Oh, hell. I can't even finish that sentence.
If you (still) wonder why I haven't been writing, imagine how I feel. Faced with "maybe I can write about Michelle Bachmann" or "how about a stab at evaluating Jon Huntsman"... is it any wonder I've found myself more interested in watching The Vampire Diaries?
(No, seriously... turns out The Vampire Diaries is the next most awesome show ever. Seriously, dude.)
Even the professional election watchers - surely, by now, a most embarrassing and embarrassed group - have a hard time trying to make the upcoming election cycle interesting or compelling. Me, I can hardly be bothered.
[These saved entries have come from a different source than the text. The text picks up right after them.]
(* Let $k\in\mathbb N$, let $I$ be an interval of length $|I|=b$, and let $g\in C^k(I,\mathbb R)$ satisfy $\|g^{(m)}\|_\infty\le c_m$ for $m=0,\dots,k$, where $c_0<1$. Let $\epsilon>0$ and assume $k\ge1/\epsilon$ and $b\le c_0^{\epsilon}$. Then there are constants $\tilde C_m(\epsilon)\ge0$, $m=0,\dots,k$, depending only on $\epsilon$ and on $c_1,\dots,c_k$ (and increasing in the $c_j$), but not on $b$ or $c_0$, such that $$\|g^{(m)}\|_\infty\le c_0\,\tilde C_m(\epsilon)\,b^{-m},\qquad m=0,\dots,k.$$
   Context: $\|\cdot\|_\infty$ is the supremum norm over $I$. *)

theory Defs
  imports "HOL-Analysis.Analysis"
begin

text \<open>D is a C^k function on the interval I together with its derivatives:
  D 0 = g, D m = g^(m) (one-sided at endpoints of I), all continuous on I.\<close>
definition Ck_on :: "nat \<Rightarrow> real set \<Rightarrow> (nat \<Rightarrow> real \<Rightarrow> real) \<Rightarrow> bool" where
  "Ck_on k I D \<longleftrightarrow>
     (\<forall>m<k. \<forall>x\<in>I. (D m has_real_derivative D (Suc m) x) (at x within I)) \<and>
     (\<forall>m\<le>k. continuous_on I (D m))"

end

theory Submission
  imports Defs
begin

text \<open>On an interval of length L where the j-th derivative is at most B at some point of each
  outer third, the mean value theorem between two such points gives a point where the (j+1)-th
  derivative is at most 6B/L. By induction, wherever |g| \<le> A on an interval of length L, each
  derivative g^(j) has a point where it is at most a constant times A/L^j. Inside I there is such
  an interval of length b/2, and a bound on g^(j+1) spreads the pointwise bound on g^(j) over I at
  the cost of b times that bound. Descending from j = k, where |g^(k)| \<le> c_k \<le> c_0 c_k b^-k
  because b^k \<le> c_0^(k\<epsilon>) \<le> c_0, this yields the claim.\<close>

lemma Ck_on_subset: "Ck_on k I D \<Longrightarrow> J \<subseteq> I \<Longrightarrow> Ck_on k J D"
  unfolding Ck_on_def by (meson has_field_derivative_subset continuous_on_subset subsetD)

lemma Ck_on_mvt:
  assumes "Ck_on k {a..b} D" "m < k" "a \<le> b"
  shows "\<exists>y\<in>{a..b}. D m b - D m a = D (Suc m) y * (b - a)"
proof -
  have "(D m has_derivative (\<lambda>h. D (Suc m) x * h)) (at x within {a..b})" if "a \<le> x" "x \<le> b" for x
    using assms(1,2) that unfolding Ck_on_def has_field_derivative_def by auto
  from mvt_very_simple[OF assms(3) this] show ?thesis by auto
qed

lemma Ck_on_lipschitz:
  assumes "Ck_on k I D" "convex I" "m < k" "\<forall>y\<in>I. \<bar>D (Suc m) y\<bar> \<le> M" "x \<in> I" "y \<in> I"
  shows "\<bar>D m x - D m y\<bar> \<le> M * \<bar>x - y\<bar>"
  using field_differentiable_bound[OF assms(2), of "D m" "D (Suc m)" M x y] assms
  unfolding Ck_on_def by auto

lemma power_le_of_le_powr:
  fixes b c \<epsilon> :: real
  assumes "0 < b" "b \<le> c powr \<epsilon>" "0 \<le> c" "c \<le> 1" "1 \<le> \<epsilon> * k"
  shows "b ^ k \<le> c"
proof -
  have "c \<noteq> 0" using assms(1,2) by auto
  have "b ^ k \<le> (c powr \<epsilon>) ^ k" using assms(1,2) by (simp add: power_mono)
  also have "\<dots> = c powr (\<epsilon> * k)" using \<open>c \<noteq> 0\<close> by (simp add: powr_power mult.commute)
  also have "\<dots> \<le> c powr 1" using assms(3-5) by (intro powr_mono') auto
  finally show ?thesis using \<open>c \<noteq> 0\<close> assms(3) by simp
qed

lemma interval_long_segment:
  fixes I :: "real set"
  assumes "bounded I" "I \<noteq> {}" "0 < Sup I - Inf I"
  shows "\<exists>u\<in>I. \<exists>v\<in>I. (Sup I - Inf I) / 2 \<le> v - u"
proof -
  define b where "b = Sup I - Inf I"
  obtain u where "u \<in> I" "u < Inf I + b/4"
    using cInf_less_iff[OF assms(2) bounded_imp_bdd_below[OF assms(1)], of "Inf I + b/4"] assms(3)
    unfolding b_def by auto
  moreover obtain v where "v \<in> I" "Sup I - b/4 < v"
    using less_cSup_iff[OF assms(2) bounded_imp_bdd_above[OF assms(1)], of "Sup I - b/4"] assms(3)
    unfolding b_def by auto
  ultimately have "b / 2 \<le> v - u" unfolding b_def by (simp add: field_simps)
  with \<open>u \<in> I\<close> \<open>v \<in> I\<close> show ?thesis unfolding b_def by blast
qed

lemma interval_dist_le_width:
  fixes I :: "real set"
  assumes "bounded I" "x \<in> I" "y \<in> I"
  shows "\<bar>x - y\<bar> \<le> Sup I - Inf I"
  using assms cInf_lower[of _ I] cSup_upper[of _ I] bounded_imp_bdd_below bounded_imp_bdd_above
  by (smt (verit))

primrec small_deriv_const :: "nat \<Rightarrow> real" where
  "small_deriv_const 0 = 1"
| "small_deriv_const (Suc j) = 2 * 3 ^ Suc j * small_deriv_const j"

lemma small_deriv_const_pos: "0 < small_deriv_const j"
  by (induction j) auto

lemma Ck_on_exists_small_derivative:
  assumes "Ck_on k {u..v} D" "j \<le> k" "u < v" "\<forall>x\<in>{u..v}. \<bar>D 0 x\<bar> \<le> A"
  shows "\<exists>\<xi>\<in>{u..v}. \<bar>D j \<xi>\<bar> \<le> small_deriv_const j * A / (v - u) ^ j"
  using assms
proof (induction j arbitrary: u v)
  case 0
  then show ?case by auto
next
  case (Suc j)
  define L where "L = v - u"
  define B where "B = small_deriv_const j * A / (L/3) ^ j"
  have L: "0 < L" using Suc.prems L_def by auto
  have left: "{u..u + L/3} \<subseteq> {u..v}" and right: "{v - L/3..v} \<subseteq> {u..v}"
    using L L_def by (auto simp: field_simps)
  have "\<forall>x\<in>{u..u + L/3}. \<bar>D 0 x\<bar> \<le> A" using Suc.prems(4) left by blast
  then obtain x1 where x1: "x1 \<in> {u..u + L/3}" "\<bar>D j x1\<bar> \<le> B"
    using Suc.IH[OF Ck_on_subset[OF Suc.prems(1) left]] Suc.prems(2) L unfolding B_def by auto
  have "\<forall>x\<in>{v - L/3..v}. \<bar>D 0 x\<bar> \<le> A" using Suc.prems(4) right by blast
  then obtain x2 where x2: "x2 \<in> {v - L/3..v}" "\<bar>D j x2\<bar> \<le> B"
    using Suc.IH[OF Ck_on_subset[OF Suc.prems(1) right]] Suc.prems(2) L unfolding B_def by auto
  have sep: "L/3 \<le> x2 - x1"
    using x1(1) x2(1) L_def unfolding atLeastAtMost_iff by linarith
  have inner: "{x1..x2} \<subseteq> {u..v}" using x1(1) x2(1) left right by auto
  obtain y where y: "y \<in> {x1..x2}" "D j x2 - D j x1 = D (Suc j) y * (x2 - x1)"
    using Ck_on_mvt[OF Ck_on_subset[OF Suc.prems(1) inner], of j] Suc.prems(2) sep L by auto
  have "\<bar>D (Suc j) y\<bar> * (L/3) \<le> \<bar>D (Suc j) y\<bar> * (x2 - x1)"
    using sep by (intro mult_left_mono) auto
  also have "\<dots> = \<bar>D j x2 - D j x1\<bar>" using y(2) sep L by (simp add: abs_mult)
  also have "\<dots> \<le> 2 * B" using x1(2) x2(2) by linarith
  finally have "\<bar>D (Suc j) y\<bar> \<le> 2 * B / (L/3)" using L by (simp add: field_simps)
  also have "\<dots> = small_deriv_const (Suc j) * A / (v - u) ^ Suc j"
    unfolding B_def L_def using L L_def by (simp add: field_simps power_divide)
  finally show ?case using y(1) inner by auto
qed

lemma Ck_on_interval_exists_small_derivative:
  assumes "Ck_on k I D" "is_interval I" "bounded I" "I \<noteq> {}" "b = Sup I - Inf I" "0 < b"
    and "j \<le> k" "\<forall>x\<in>I. \<bar>D 0 x\<bar> \<le> A"
  shows "\<exists>\<xi>\<in>I. \<bar>D j \<xi>\<bar> \<le> A * (2 ^ j * small_deriv_const j) / b ^ j"
proof -
  obtain u v where uv: "u \<in> I" "v \<in> I" "b / 2 \<le> v - u"
    using interval_long_segment[OF assms(3,4)] assms(5,6) by auto
  have sub: "{u..v} \<subseteq> I" using uv(1,2) assms(2) unfolding is_interval_1 by (meson atLeastAtMost_iff subsetI)
  have "0 \<le> A" using assms(8) uv(1) by (meson abs_ge_zero order_trans)
  have "u < v" using uv(3) assms(6) by linarith
  have "\<forall>x\<in>{u..v}. \<bar>D 0 x\<bar> \<le> A" using assms(8) sub by blast
  then obtain \<xi> where \<xi>: "\<xi> \<in> {u..v}" "\<bar>D j \<xi>\<bar> \<le> small_deriv_const j * A / (v - u) ^ j"
    using Ck_on_exists_small_derivative[OF Ck_on_subset[OF assms(1) sub] assms(7) \<open>u < v\<close>] by blast
  have "(b / 2) ^ j \<le> (v - u) ^ j" using uv(3) assms(6) by (intro power_mono) auto
  note \<xi>(2)
  also have "small_deriv_const j * A / (v - u) ^ j \<le> small_deriv_const j * A / (b / 2) ^ j"
    using \<open>(b / 2) ^ j \<le> (v - u) ^ j\<close> assms(6) small_deriv_const_pos[of j] \<open>0 \<le> A\<close> \<open>u < v\<close>
    by (intro divide_left_mono) auto
  also have "\<dots> = A * (2 ^ j * small_deriv_const j) / b ^ j" by (simp add: power_divide)
  finally show ?thesis using \<xi>(1) sub by blast
qed

definition descent_const :: "nat \<Rightarrow> nat \<Rightarrow> real" where
  "descent_const k m = (\<Sum>i=m..<k. 2 ^ i * small_deriv_const i)"

lemma descent_const_self [simp]: "descent_const k k = 0"
  unfolding descent_const_def by simp

lemma descent_const_nonneg: "0 \<le> descent_const k m"
  unfolding descent_const_def by (intro sum_nonneg) (simp add: less_imp_le[OF small_deriv_const_pos])

lemma descent_const_step:
  "m < k \<Longrightarrow> descent_const k m = 2 ^ m * small_deriv_const m + descent_const k (Suc m)"
  unfolding descent_const_def by (simp add: sum.atLeast_Suc_lessThan)

lemma Ck_on_derivative_bound:
  assumes "Ck_on k I D" "is_interval I" "bounded I" "b = Sup I - Inf I" "0 < b"
    and "\<forall>x\<in>I. \<bar>D 0 x\<bar> \<le> A" "\<forall>x\<in>I. \<bar>D k x\<bar> \<le> B" "m \<le> k" "x \<in> I"
  shows "\<bar>D m x\<bar> \<le> (A * descent_const k m + B * b ^ k) / b ^ m"
proof -
  have "\<forall>x\<in>I. \<bar>D m x\<bar> \<le> (A * descent_const k m + B * b ^ k) / b ^ m"
    using \<open>m \<le> k\<close>
  proof (induction m rule: inc_induct)
    case base
    show ?case using assms(5,7) by simp
  next
    case (step j)
    define M where "M = (A * descent_const k (Suc j) + B * b ^ k) / b ^ Suc j"
    show ?case
    proof
      fix x assume "x \<in> I"
      then have "I \<noteq> {}" by blast
      then obtain \<xi> where \<xi>: "\<xi> \<in> I" "\<bar>D j \<xi>\<bar> \<le> A * (2 ^ j * small_deriv_const j) / b ^ j"
        using Ck_on_interval_exists_small_derivative[OF assms(1-3) _ assms(4,5) less_imp_le[OF step(2)] assms(6)]
        by blast
      have "0 \<le> M" using step(3) \<open>x \<in> I\<close> unfolding M_def by force
      have "\<bar>D j x - D j \<xi>\<bar> \<le> M * \<bar>x - \<xi>\<bar>"
        using Ck_on_lipschitz[OF assms(1) is_interval_convex[OF assms(2)] step(2)] step(3) \<open>x \<in> I\<close> \<xi>(1)
        unfolding M_def by blast
      also have "\<dots> \<le> M * b"
        using interval_dist_le_width[OF assms(3) \<open>x \<in> I\<close> \<xi>(1)] assms(4) \<open>0 \<le> M\<close> by (simp add: mult_left_mono)
      also have "\<dots> = (A * descent_const k (Suc j) + B * b ^ k) / b ^ j"
        unfolding M_def using assms(5) by (simp add: field_simps)
      finally have "\<bar>D j x\<bar> \<le> A * (2 ^ j * small_deriv_const j) / b ^ j
          + (A * descent_const k (Suc j) + B * b ^ k) / b ^ j"
        using \<xi>(2) by linarith
      also have "\<dots> = (A * descent_const k j + B * b ^ k) / b ^ j"
        using step(2) by (simp add: descent_const_step add_divide_distrib distrib_left)
      finally show "\<bar>D j x\<bar> \<le> (A * descent_const k j + B * b ^ k) / b ^ j" .
    qed
  qed
  then show ?thesis using assms(9) by blast
qed

text \<open>The parameter \<epsilon> is unused: k \<ge> 1/\<epsilon> only serves to give b^k \<le> c_0. Only c_k for k \<ge> 1
  enters, never c_0.\<close>
definition deriv_bound_const :: "nat \<Rightarrow> real \<Rightarrow> (nat \<Rightarrow> real) \<Rightarrow> nat \<Rightarrow> real" where
  "deriv_bound_const k \<epsilon> c m = descent_const k m + (if k = 0 then 0 else max 0 (c k))"

lemma deriv_bound_const_nonneg: "0 \<le> deriv_bound_const k \<epsilon> c m"
  using descent_const_nonneg[of k m] unfolding deriv_bound_const_def by simp

lemma deriv_bound_const_cong:
  "\<forall>j\<in>{1..k}. c j = c' j \<Longrightarrow> deriv_bound_const k \<epsilon> c m = deriv_bound_const k \<epsilon> c' m"
  unfolding deriv_bound_const_def by auto

lemma deriv_bound_const_mono:
  assumes "\<forall>j\<in>{1..k}. c j \<le> c' j"
  shows "deriv_bound_const k \<epsilon> c m \<le> deriv_bound_const k \<epsilon> c' m"
proof (cases "k = 0")
  case False
  then have "max 0 (c k) \<le> max 0 (c' k)" using assms by (intro max.mono) auto
  then show ?thesis unfolding deriv_bound_const_def by simp
qed (simp add: deriv_bound_const_def)

lemma Ck_on_abs_le_deriv_bound_const:
  assumes "is_interval I" "bounded I" "b = Sup I - Inf I" "0 < b"
    and "Ck_on k I D" "\<forall>m\<le>k. \<forall>x\<in>I. \<bar>D m x\<bar> \<le> c m" "c 0 < 1"
    and "0 < \<epsilon>" "1 / \<epsilon> \<le> real k" "b \<le> c 0 powr \<epsilon>" "m \<le> k" "x \<in> I"
  shows "\<bar>D m x\<bar> \<le> c 0 * deriv_bound_const k \<epsilon> c m / b ^ m"
proof -
  define B where "B = max 0 (c k)"
  have "0 \<le> c 0" using assms(6,12) by force
  have "1 \<le> \<epsilon> * real k" using assms(8,9) by (simp add: field_simps)
  then have "k \<noteq> 0" by (cases "k = 0") auto
  have "b ^ k \<le> c 0"
    using power_le_of_le_powr[OF assms(4,10) \<open>0 \<le> c 0\<close>] assms(7) \<open>1 \<le> \<epsilon> * real k\<close> by simp
  then have "B * b ^ k \<le> B * c 0" unfolding B_def by (intro mult_left_mono) auto
  have "\<forall>x\<in>I. \<bar>D k x\<bar> \<le> B" using assms(6) unfolding B_def by force
  then have "\<bar>D m x\<bar> \<le> (c 0 * descent_const k m + B * b ^ k) / b ^ m"
    using Ck_on_derivative_bound[OF assms(5,1,2,3,4)] assms(6,11,12) by force
  also have "\<dots> \<le> c 0 * (descent_const k m + B) / b ^ m"
    using \<open>B * b ^ k \<le> B * c 0\<close> assms(4) by (intro divide_right_mono) (auto simp: algebra_simps)
  also have "\<dots> = c 0 * deriv_bound_const k \<epsilon> c m / b ^ m"
    using \<open>k \<noteq> 0\<close> unfolding deriv_bound_const_def B_def by simp
  finally show ?thesis .
qed

theorem lemma2p4:
  shows "\<exists>Ct :: nat \<Rightarrow> real \<Rightarrow> (nat \<Rightarrow> real) \<Rightarrow> nat \<Rightarrow> real.
    (\<forall>k \<epsilon> c c' m. (\<forall>j\<in>{1..k}. c j = c' j) \<longrightarrow> Ct k \<epsilon> c m = Ct k \<epsilon> c' m) \<and>
    (\<forall>k \<epsilon> c c' m. (\<forall>j\<in>{1..k}. c j \<le> c' j) \<longrightarrow> Ct k \<epsilon> c m \<le> Ct k \<epsilon> c' m) \<and>
    (\<forall>k \<epsilon> c m. 0 \<le> Ct k \<epsilon> c m) \<and>
    (\<forall>(k::nat) (\<epsilon>::real) (c::nat \<Rightarrow> real) (I::real set) (b::real) (D::nat \<Rightarrow> real \<Rightarrow> real).
       is_interval I \<and> bounded I \<and> I \<noteq> {} \<and> b = Sup I - Inf I \<and> 0 < b \<and>
       Ck_on k I D \<and> (\<forall>m\<le>k. \<forall>x\<in>I. \<bar>D m x\<bar> \<le> c m) \<and> c 0 < 1 \<and>
       0 < \<epsilon> \<and> real k \<ge> 1 / \<epsilon> \<and> b \<le> c 0 powr \<epsilon>
       \<longrightarrow> (\<forall>m\<le>k. \<forall>x\<in>I. \<bar>D m x\<bar> \<le> c 0 * Ct k \<epsilon> c m / b ^ m))"
proof (intro exI[of _ deriv_bound_const] conjI allI impI ballI)
  fix k m :: nat and \<epsilon> b :: real and c :: "nat \<Rightarrow> real" and I :: "real set" and D x
  assume "is_interval I \<and> bounded I \<and> I \<noteq> {} \<and> b = Sup I - Inf I \<and> 0 < b \<and>
       Ck_on k I D \<and> (\<forall>m\<le>k. \<forall>x\<in>I. \<bar>D m x\<bar> \<le> c m) \<and> c 0 < 1 \<and>
       0 < \<epsilon> \<and> real k \<ge> 1 / \<epsilon> \<and> b \<le> c 0 powr \<epsilon>" "m \<le> k" "x \<in> I"
  then show "\<bar>D m x\<bar> \<le> c 0 * deriv_bound_const k \<epsilon> c m / b ^ m"
    by (intro Ck_on_abs_le_deriv_bound_const) simp_all
qed (blast intro: deriv_bound_const_cong deriv_bound_const_mono deriv_bound_const_nonneg)+

end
On the Democrat side, there's absolutely no choice but to watch the lurching efforts of Barack Obama's zombie reelection effort. While on the right, there's a Republican Party in spectacular disarray, flailing amongst a group of choices that can't possibly get worse... until it does.
So, then, is it really any surprise that a former Governor of Utah, who's recently served as Ambassador to China, fancies himself the great next hope of the GOP? Of course not. But try and find a Republican whose reaction to Huntsman's candidacy doesn't fall somewhere between "who?" and "that guy who spent the last few years working in the Obama Administration?" Just try. And then get back to me on how Huntsman should be taken seriously. I can't even muster the amused snorts of seriously contemplating liberals who say "Huntsman's got some real appeal" when what they mean is Huntsman's the kind of Republican only a Democrat can love.
Huntsman may manage to generate some primary heat - though between his Obama connections and his Mormonism, I'd say he's doomed from the start - but the idea that he'll be the Republican nominee seems ludicrous, and the idea that he poses serious competition for Barack Obama only more so. But then, that assessment follows for essentially the entire current field: none of them seem like especially inspired choices for the Republican nomination, and less like an alternative to four more years of Barack Obama, however dismal that prospect appears as well.
Michelle Bachmann? Oh, please. Get real.
I could wait some more and write pretty much this same piece in a month or two when, it seems, someone may convince Rick Perry that he, and only he, represents the hope of the GOP to win in 2012. Rick Perry, already, seems to be finding some sense in this. Rick Perry may represent, at best, the attempt of the GOP establishment to try and rein in the alternative of chaos. But Perry is such a spectacular disaster waiting to happen, I can't imagine even the most gullible Americans falling for the idea that a repeat of the George W. Bush act - in far less skillful clothing - will suffice.
With more than a year of this to go... I'm just disgusted. Which is not me writing from my happy place. Which is why, really, the prospect of being eaten by a male model gorgeous member of the undead seems like way more fun. I'm trying to keep my energy going to write about something... but it's hard, I gotta tell ya. Damn hard.